**Exercise goal:** Output all of the data below exactly as given.

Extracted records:
lemma homotopic_rel_edge_vertex_path:
  assumes edges: "\<And>i j. i \<le> t \<Longrightarrow> j \<le> t \<Longrightarrow> i \<noteq> j \<Longrightarrow> oriented_edge n k l (w i, w j)"
    and triangles: "\<And>i j m. i \<le> t \<Longrightarrow> j \<le> t \<Longrightarrow> m \<le> t \<Longrightarrow> tonn_simplex n k l {w i, w j, w m}"
    and "0 < t"
  shows "homotopic_rel n k l (w 0) (w t) [(w 0, w t)] (vertex_path w t)"
proof -
  define P where "P m = vertex_path w m @ [(w m, w t)]" for m
  have path: "edge_path n k l (w 0) (P m) (w t)" if "m < t" for m
    using that edge_path_vertex_path[of m n k l w] edges by (auto simp: P_def edge_path_append)
  have hom: "homotopic_rel n k l (w 0) (w t) [(w 0, w t)] (P m)" if "m < t" for m
    using that
  proof (induction m)
    case 0
    show ?case
      using path[OF 0] by (simp add: P_def vertex_path_def homotopic_rel_refl)
  next
    case (Suc m)
    have "elem_move n k l (P m) (P (Suc m))"
      unfolding elem_move_def P_def vertex_path_Suc
      using triangles[of m "Suc m" t] Suc.prems by fastforce
    then show ?case
      using Suc path by (meson Suc_lessD homotopic_rel_trans homotopic_rel_elem_move)
  qed
  obtain s where "t = Suc s"
    using \<open>0 < t\<close> gr0_implies_Suc by blast
  then show ?thesis
    using hom[of s] by (simp add: P_def vertex_path_Suc)
qed

lemma tonn_vertex_eq_of_image:
  assumes "inj_on \<sigma> {1..t}" "\<sigma> ` {1..t} = I" "v \<in> {0..<n}" "(v - u) mod n = sum l I mod n"
  shows "tonn_vertex n l u \<sigma> t = v"
proof -
  have "tonn_vertex n l u \<sigma> t = (u + sum l I) mod n"
    using sum.reindex[OF assms(1), of l] assms(2) by (simp add: tonn_vertex_def)
  also have "\<dots> = (u + (v - u)) mod n"
    using assms(4) by (metis mod_add_right_eq)
  finally show ?thesis
    using assms(3) by simp
qed

lemma bij_betw_Suc_shift:
  assumes "inj_on \<sigma> {1..t}"
  shows "bij_betw (\<lambda>j. \<sigma> (Suc j)) {..<t} (\<sigma> ` {1..t})"
proof -
  have "bij_betw Suc {..<t} {1..t}"
    by (simp add: bij_betw_def image_Suc_lessThan)
  from bij_betw_trans[OF this inj_on_imp_bij_betw[OF assms]] show ?thesis
    by (simp add: comp_def)
qed

lemma card_L_type_less:
  assumes "n = (\<Sum>i\<in>{1..k}. l i)" "oriented_edge n k l (u, v)" "L_type n k l (u, v) I"
  shows "card I < k"
proof -
  have uv: "u \<in> {0..<n}" "v \<in> {0..<n}" "u \<noteq> v"
    using assms(2) by (auto simp: oriented_edge_def)
  have "I \<noteq> {1..k}"
  proof
    assume "I = {1..k}"
    then have "(v - u) mod n = 0"
      using assms(1,3) by (simp add: L_type_def)
    then have "v mod n = u mod n"
      by (simp add: mod_eq_dvd_iff mod_eq_0_iff_dvd)
    then show False
      using uv by simp
  qed
  then have "I \<subset> {1..k}"
    using assms(3) by (auto simp: L_type_def)
  then show ?thesis
    using psubset_card_mono[of "{1..k}" I] by simp
qed

theorem lemma2p7:
  fixes n :: int and k :: nat and l :: "nat \<Rightarrow> int" and u v :: int and I :: "nat set"
  assumes "k \<ge> 2"
    and "\<forall>i\<in>{1..k}. l i > 0"
    and "generic k l"
    and "n = (\<Sum>i\<in>{1..k}. l i)"
    and "oriented_edge n k l (u, v)"
    and "L_type n k l (u, v) I"
  shows "\<exists>Ys ty. homotopic_rel n k l u v [(u, v)] Ys \<and> length Ys = card I
           \<and> (\<forall>j < length Ys. atomic n k l (Ys ! j) (ty j))
           \<and> inj_on ty {..<length Ys} \<and> ty ` {..<length Ys} = I"
proof -
  define t where "t = card I"
  have I: "I \<noteq> {}" "I \<subseteq> {1..k}" "(v - u) mod n = sum l I mod n"
    using assms(6) by (auto simp: L_type_def)
  have uv: "u \<in> {0..<n}" "v \<in> {0..<n}"
    using assms(5) by (simp_all add: oriented_edge_def)
  have t: "0 < t" "t < k"
    using I card_L_type_less[OF assms(4-6)] finite_subset[OF I(2)] by (auto simp: t_def card_gt_0_iff)
  obtain \<tau> where \<tau>: "\<tau> permutes {1..k}" "\<tau> ` {1..t} = I"
    using obtain_permutes_image_eq[of "{1..k}" "{1..t}" I] I(2) t by (auto simp: t_def)
  have inj: "inj_on \<tau> {1..t}"
    using permutes_inj[OF \<tau>(1)] inj_on_subset by blast
  define w where "w = tonn_vertex n l u \<tau>"
  define ty where "ty = (\<lambda>j. \<tau> (Suc j))"
  have edge: "oriented_edge n k l (w i, w j)" if "i \<le> t" "j \<le> t" "i \<noteq> j" for i j
    unfolding w_def using that t by (intro oriented_edge_tonn_vertex[OF uv(1) \<tau>(1) assms(2,4)]) auto
  have "homotopic_rel n k l (w 0) (w t) [(w 0, w t)] (vertex_path w t)"
    using edge t
    by (intro homotopic_rel_edge_vertex_path)
       (auto simp: w_def intro!: tonn_simplex_tonn_vertex[OF uv(1) \<tau>(1)])
  moreover have "w 0 = u" "w t = v"
    using tonn_vertex_0[OF uv(1)] tonn_vertex_eq_of_image[OF inj \<tau>(2) uv(2) I(3)] by (simp_all add: w_def)
  moreover have "atomic n k l (vertex_path w t ! j) (ty j)" if "j < t" for j
    using that edge[of j "Suc j"] permutes_in_image[OF \<tau>(1), of "Suc j"] t
    by (simp add: atomic_def vertex_path_def ty_def w_def tonn_vertex_Suc)
  moreover have "bij_betw ty {..<t} I"
    using bij_betw_Suc_shift[OF inj] \<tau>(2) by (simp add: ty_def)
  ultimately show ?thesis
    by (intro exI[of _ "vertex_path w t"] exI[of _ ty]) (simp add: t_def bij_betw_def)
qed

end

**Expected output:**
lemma homotopic_rel_edge_vertex_path:
  assumes edges: "\<And>i j. i \<le> t \<Longrightarrow> j \<le> t \<Longrightarrow> i \<noteq> j \<Longrightarrow> oriented_edge n k l (w i, w j)"
    and triangles: "\<And>i j m. i \<le> t \<Longrightarrow> j \<le> t \<Longrightarrow> m \<le> t \<Longrightarrow> tonn_simplex n k l {w i, w j, w m}"
    and "0 < t"
  shows "homotopic_rel n k l (w 0) (w t) [(w 0, w t)] (vertex_path w t)"
proof -
  define P where "P m = vertex_path w m @ [(w m, w t)]" for m
  have path: "edge_path n k l (w 0) (P m) (w t)" if "m < t" for m
    using that edge_path_vertex_path[of m n k l w] edges by (auto simp: P_def edge_path_append)
  have hom: "homotopic_rel n k l (w 0) (w t) [(w 0, w t)] (P m)" if "m < t" for m
    using that
  proof (induction m)
    case 0
    show ?case
      using path[OF 0] by (simp add: P_def vertex_path_def homotopic_rel_refl)
  next
    case (Suc m)
    have "elem_move n k l (P m) (P (Suc m))"
      unfolding elem_move_def P_def vertex_path_Suc
      using triangles[of m "Suc m" t] Suc.prems by fastforce
    then show ?case
      using Suc path by (meson Suc_lessD homotopic_rel_trans homotopic_rel_elem_move)
  qed
  obtain s where "t = Suc s"
    using \<open>0 < t\<close> gr0_implies_Suc by blast
  then show ?thesis
    using hom[of s] by (simp add: P_def vertex_path_Suc)
qed

lemma tonn_vertex_eq_of_image:
  assumes "inj_on \<sigma> {1..t}" "\<sigma> ` {1..t} = I" "v \<in> {0..<n}" "(v - u) mod n = sum l I mod n"
  shows "tonn_vertex n l u \<sigma> t = v"
proof -
  have "tonn_vertex n l u \<sigma> t = (u + sum l I) mod n"
    using sum.reindex[OF assms(1), of l] assms(2) by (simp add: tonn_vertex_def)
  also have "\<dots> = (u + (v - u)) mod n"
    using assms(4) by (metis mod_add_right_eq)
  finally show ?thesis
    using assms(3) by simp
qed

lemma bij_betw_Suc_shift:
  assumes "inj_on \<sigma> {1..t}"
  shows "bij_betw (\<lambda>j. \<sigma> (Suc j)) {..<t} (\<sigma> ` {1..t})"
proof -
  have "bij_betw Suc {..<t} {1..t}"
    by (simp add: bij_betw_def image_Suc_lessThan)
  from bij_betw_trans[OF this inj_on_imp_bij_betw[OF assms]] show ?thesis
    by (simp add: comp_def)
qed

lemma card_L_type_less:
  assumes "n = (\<Sum>i\<in>{1..k}. l i)" "oriented_edge n k l (u, v)" "L_type n k l (u, v) I"
  shows "card I < k"
proof -
  have uv: "u \<in> {0..<n}" "v \<in> {0..<n}" "u \<noteq> v"
    using assms(2) by (auto simp: oriented_edge_def)
  have "I \<noteq> {1..k}"
  proof
    assume "I = {1..k}"
    then have "(v - u) mod n = 0"
      using assms(1,3) by (simp add: L_type_def)
    then have "v mod n = u mod n"
      by (simp add: mod_eq_dvd_iff mod_eq_0_iff_dvd)
    then show False
      using uv by simp
  qed
  then have "I \<subset> {1..k}"
    using assms(3) by (auto simp: L_type_def)
  then show ?thesis
    using psubset_card_mono[of "{1..k}" I] by simp
qed

theorem lemma2p7:
  fixes n :: int and k :: nat and l :: "nat \<Rightarrow> int" and u v :: int and I :: "nat set"
  assumes "k \<ge> 2"
    and "\<forall>i\<in>{1..k}. l i > 0"
    and "generic k l"
    and "n = (\<Sum>i\<in>{1..k}. l i)"
    and "oriented_edge n k l (u, v)"
    and "L_type n k l (u, v) I"
  shows "\<exists>Ys ty. homotopic_rel n k l u v [(u, v)] Ys \<and> length Ys = card I
           \<and> (\<forall>j < length Ys. atomic n k l (Ys ! j) (ty j))
           \<and> inj_on ty {..<length Ys} \<and> ty ` {..<length Ys} = I"
proof -
  define t where "t = card I"
  have I: "I \<noteq> {}" "I \<subseteq> {1..k}" "(v - u) mod n = sum l I mod n"
    using assms(6) by (auto simp: L_type_def)
  have uv: "u \<in> {0..<n}" "v \<in> {0..<n}"
    using assms(5) by (simp_all add: oriented_edge_def)
  have t: "0 < t" "t < k"
    using I card_L_type_less[OF assms(4-6)] finite_subset[OF I(2)] by (auto simp: t_def card_gt_0_iff)
  obtain \<tau> where \<tau>: "\<tau> permutes {1..k}" "\<tau> ` {1..t} = I"
    using obtain_permutes_image_eq[of "{1..k}" "{1..t}" I] I(2) t by (auto simp: t_def)
  have inj: "inj_on \<tau> {1..t}"
    using permutes_inj[OF \<tau>(1)] inj_on_subset by blast
  define w where "w = tonn_vertex n l u \<tau>"
  define ty where "ty = (\<lambda>j. \<tau> (Suc j))"
  have edge: "oriented_edge n k l (w i, w j)" if "i \<le> t" "j \<le> t" "i \<noteq> j" for i j
    unfolding w_def using that t by (intro oriented_edge_tonn_vertex[OF uv(1) \<tau>(1) assms(2,4)]) auto
  have "homotopic_rel n k l (w 0) (w t) [(w 0, w t)] (vertex_path w t)"
    using edge t
    by (intro homotopic_rel_edge_vertex_path)
       (auto simp: w_def intro!: tonn_simplex_tonn_vertex[OF uv(1) \<tau>(1)])
  moreover have "w 0 = u" "w t = v"
    using tonn_vertex_0[OF uv(1)] tonn_vertex_eq_of_image[OF inj \<tau>(2) uv(2) I(3)] by (simp_all add: w_def)
  moreover have "atomic n k l (vertex_path w t ! j) (ty j)" if "j < t" for j
    using that edge[of j "Suc j"] permutes_in_image[OF \<tau>(1), of "Suc j"] t
    by (simp add: atomic_def vertex_path_def ty_def w_def tonn_vertex_Suc)
  moreover have "bij_betw ty {..<t} I"
    using bij_betw_Suc_shift[OF inj] \<tau>(2) by (simp add: ty_def)
  ultimately show ?thesis
    by (intro exI[of _ "vertex_path w t"] exI[of _ ty]) (simp add: t_def bij_betw_def)
qed

end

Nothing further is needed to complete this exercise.